Some printing techniques enable printing small overt security features that could not easily be copied by a digital copier, if at all. However documents protected with such features can potentially be reproduced with reverse engineering.
SUMMARY
An exemplary method controls a marking engine using a processor to print a uniform region having a visually uniform color for a normal observer within all areas of the uniform region on printing media. The method also controls the marking engine (using the processor) to print different gloss patterns within the uniform region. The different gloss patterns have first (e.g., relatively higher ink-pile level) gloss regions and second (e.g., relatively lower ink-pile level) gloss regions. The gloss is created off the sides between the regions, and the regions can have similar gloss. The gloss level difference at the boundaries between the first and second gloss regions forms “gloss marks” which can be numbers, characters, images, structures, glyphs, etc. The method further controls the marking engine (using the processor) to print different infrared patterns within the uniform region to form “infrared marks” which can also be numbers, characters, images, structures, etc.
The method can further control the marking engine (using the processor) to print a plurality of the uniform regions. In such cases, the gloss marks and the infrared marks are positioned to cross the uniform regions.
In some embodiments, the infrared patterns are positioned only within the first (high-ink-pile level) gloss regions and are not positioned within the second (low-ink-pile level) gloss regions. Thus, the gloss marks and the infrared marks overlap one another within the uniform region. The gloss marks are only observable at a non-perpendicular angle to the printed media that reflects different gloss levels differently (as shown in FIG. 7), and the infrared marks are only observable within the infrared spectrum of electromagnetic radiation.
A printing apparatus embodiment herein includes a processor, a media path operatively (directly or indirectly) connected to the processor, a media storage unit at one end of the media path, and a marking engine positioned along the media path to receive printing media from the media storage. The marking engine prints marks on the printing media to produce printed media. Further, an output unit is at a second end of the media path. The output unit outputs the printed media.

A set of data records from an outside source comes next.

(* Let $d\ge2$ and $n\ge1$. Then $$\dim_{\mathbb C}\big(A_{d,n}/R'(1)\big)=(2^{n-1}-1)d^2-(2^{n-1}-2)d,$$ and the images in $A_{d,n}/R'(1)$ of the monomials in $$\mathcal{B}_{d,n}(1)=\Big\{x_i^ax_{i+1}^b\prod_{j=i+2}^n x_j^{\epsilon_j}\;\Big|\;1\le i<n,\ 1\le a<d,\ 0\le b<d,\ \epsilon_j\in\{0,1\}\Big\}\cup\{x_n^b\mid 0\le b<d\}$$ form a basis of $A_{d,n}/R'(1)$. (For $d=2$, $\mathcal{B}_{2,n}(1)$ is the set of all monomials $x_1^{r_1}\cdots x_n^{r_n}$, $r_j\in\{0,1\}$; for $d>2$ it is the set of monomials $x_1^{r_1}\cdots x_n^{r_n}$, $r_j\in\{0,\dots,d-1\}$, not divisible by $x_ix_k^2$ for any $i<k$ with $k-i\ge2$.)
   Context: $A_{d,n}$ is the complex group algebra of $(\mathbb Z/d\mathbb Z)^n$ with commuting generators $x_1,\dots,x_n$ satisfying $x_j^d=1$; it has basis the monomials $x_1^{r_1}\cdots x_n^{r_n}$, $r_j\in\{0,\dots,d-1\}$. A monomial $x_1^{a_1}\cdots x_n^{a_n}$ divides $x_1^{b_1}\cdots x_n^{b_n}$ (both with exponents in $\{0,\dots,d-1\}$) if $a_i\le b_i$ for all $i$. $R'(1)$ is the ideal of $A_{d,n}$ generated by the elements $(x_i-x_j)(x_i-x_k)(x_j-x_k)$ for $1\le i<j<k\le n$. *)

theory Defs
  imports Complex_Main "HOL-Library.FuncSet"
begin

text \<open>Model of the group algebra A_{d,n} = C[(Z/dZ)^n].
  A monomial x_1^{r_1}...x_n^{r_n} with r_j in {0..d-1} is identified with its
  exponent vector r in PiE {1..n} ({..<d}).  An element of A_{d,n} is a
  complex-valued function on exponent vectors (its coefficient vector),
  vanishing outside the valid exponent vectors.\<close>

definition exps :: "nat \<Rightarrow> nat \<Rightarrow> (nat \<Rightarrow> nat) set" where
  "exps d n = PiE {1..n} (\<lambda>_. {..<d})"

type_synonym elem = "(nat \<Rightarrow> nat) \<Rightarrow> complex"

definition GA :: "nat \<Rightarrow> nat \<Rightarrow> elem set" where
  "GA d n = {a. \<forall>r. r \<notin> exps d n \<longrightarrow> a r = 0}"

definition mono :: "nat \<Rightarrow> nat \<Rightarrow> (nat \<Rightarrow> nat) \<Rightarrow> elem" where
  "mono d n r = (\<lambda>s. if s = r then 1 else 0)"

definition addexp :: "nat \<Rightarrow> nat \<Rightarrow> (nat \<Rightarrow> nat) \<Rightarrow> (nat \<Rightarrow> nat) \<Rightarrow> (nat \<Rightarrow> nat)" where
  "addexp d n s t = restrict (\<lambda>j. (s j + t j) mod d) {1..n}"

definition gmult :: "nat \<Rightarrow> nat \<Rightarrow> elem \<Rightarrow> elem \<Rightarrow> elem" where
  "gmult d n a b = (\<lambda>r. \<Sum>s\<in>exps d n. \<Sum>t\<in>exps d n.
      if addexp d n s t = r then a s * b t else 0)"

definition gadd :: "elem \<Rightarrow> elem \<Rightarrow> elem" where
  "gadd a b = (\<lambda>r. a r + b r)"

definition gsub :: "elem \<Rightarrow> elem \<Rightarrow> elem" where
  "gsub a b = (\<lambda>r. a r - b r)"

definition gzero :: elem where
  "gzero = (\<lambda>r. 0)"

definition var :: "nat \<Rightarrow> nat \<Rightarrow> nat \<Rightarrow> elem" where
  "var d n i = mono d n (restrict (\<lambda>j. if j = i then 1 mod d else 0) {1..n})"

definition gen3 :: "nat \<Rightarrow> nat \<Rightarrow> nat \<Rightarrow> nat \<Rightarrow> nat \<Rightarrow> elem" where
  "gen3 d n i j k = gmult d n (gmult d n (gsub (var d n i) (var d n j))
                                        (gsub (var d n i) (var d n k)))
                               (gsub (var d n j) (var d n k))"

inductive_set R1 :: "nat \<Rightarrow> nat \<Rightarrow> elem set" for d n where
  zero: "gzero \<in> R1 d n"
| gen: "1 \<le> i \<Longrightarrow> i < j \<Longrightarrow> j < k \<Longrightarrow> k \<le> n \<Longrightarrow> gen3 d n i j k \<in> R1 d n"
| add: "a \<in> R1 d n \<Longrightarrow> b \<in> R1 d n \<Longrightarrow> gadd a b \<in> R1 d n"
| mult: "c \<in> GA d n \<Longrightarrow> a \<in> R1 d n \<Longrightarrow> gmult d n c a \<in> R1 d n"

definition lincomb :: "'i set \<Rightarrow> ('i \<Rightarrow> complex) \<Rightarrow> ('i \<Rightarrow> elem) \<Rightarrow> elem" where
  "lincomb I c b = (\<lambda>r. \<Sum>i\<in>I. c i * b i r)"

definition quot_basis :: "elem set \<Rightarrow> elem set \<Rightarrow> 'i set \<Rightarrow> ('i \<Rightarrow> elem) \<Rightarrow> bool" where
  "quot_basis A R I b \<longleftrightarrow>
     finite I \<and> (\<forall>i\<in>I. b i \<in> A) \<and>
     (\<forall>a\<in>A. \<exists>c. gsub a (lincomb I c b) \<in> R) \<and>
     (\<forall>c. lincomb I c b \<in> R \<longrightarrow> (\<forall>i\<in>I. c i = 0))"

definition quot_dim :: "elem set \<Rightarrow> elem set \<Rightarrow> nat" where
  "quot_dim A R = (THE m. \<exists>(I :: (nat \<Rightarrow> nat) set) b. card I = m \<and> quot_basis A R I b)"

definition Bset :: "nat \<Rightarrow> nat \<Rightarrow> (nat \<Rightarrow> nat) set" where
  "Bset d n =
     {restrict (\<lambda>j. if j = i then a else if j = i + 1 then b
                     else if j \<ge> i + 2 then \<epsilon> j else 0) {1..n}
       | i a b \<epsilon>. 1 \<le> i \<and> i < n \<and> 1 \<le> a \<and> a < d \<and> b < d \<and> (\<forall>j. \<epsilon> j \<in> {0, 1})}
     \<union> {restrict (\<lambda>j. if j = n then b else 0) {1..n} | b. b < d}"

The processor controls the marking engine to print a uniform region having the visually uniform color for an observer within all areas of the uniform region. The processor also controls the marking engine to print different gloss patterns within the uniform region. The different gloss patterns have first and second gloss regions, and the gloss difference at the boundaries between the first and second gloss regions forms gloss marks. Additionally, the processor controls the marking engine to print different infrared patterns within the uniform region to form infrared marks. In some embodiments, the infrared patterns are only within the first gloss regions and are not within the second gloss regions.
These and other features are described in, or are apparent from, the following detailed description.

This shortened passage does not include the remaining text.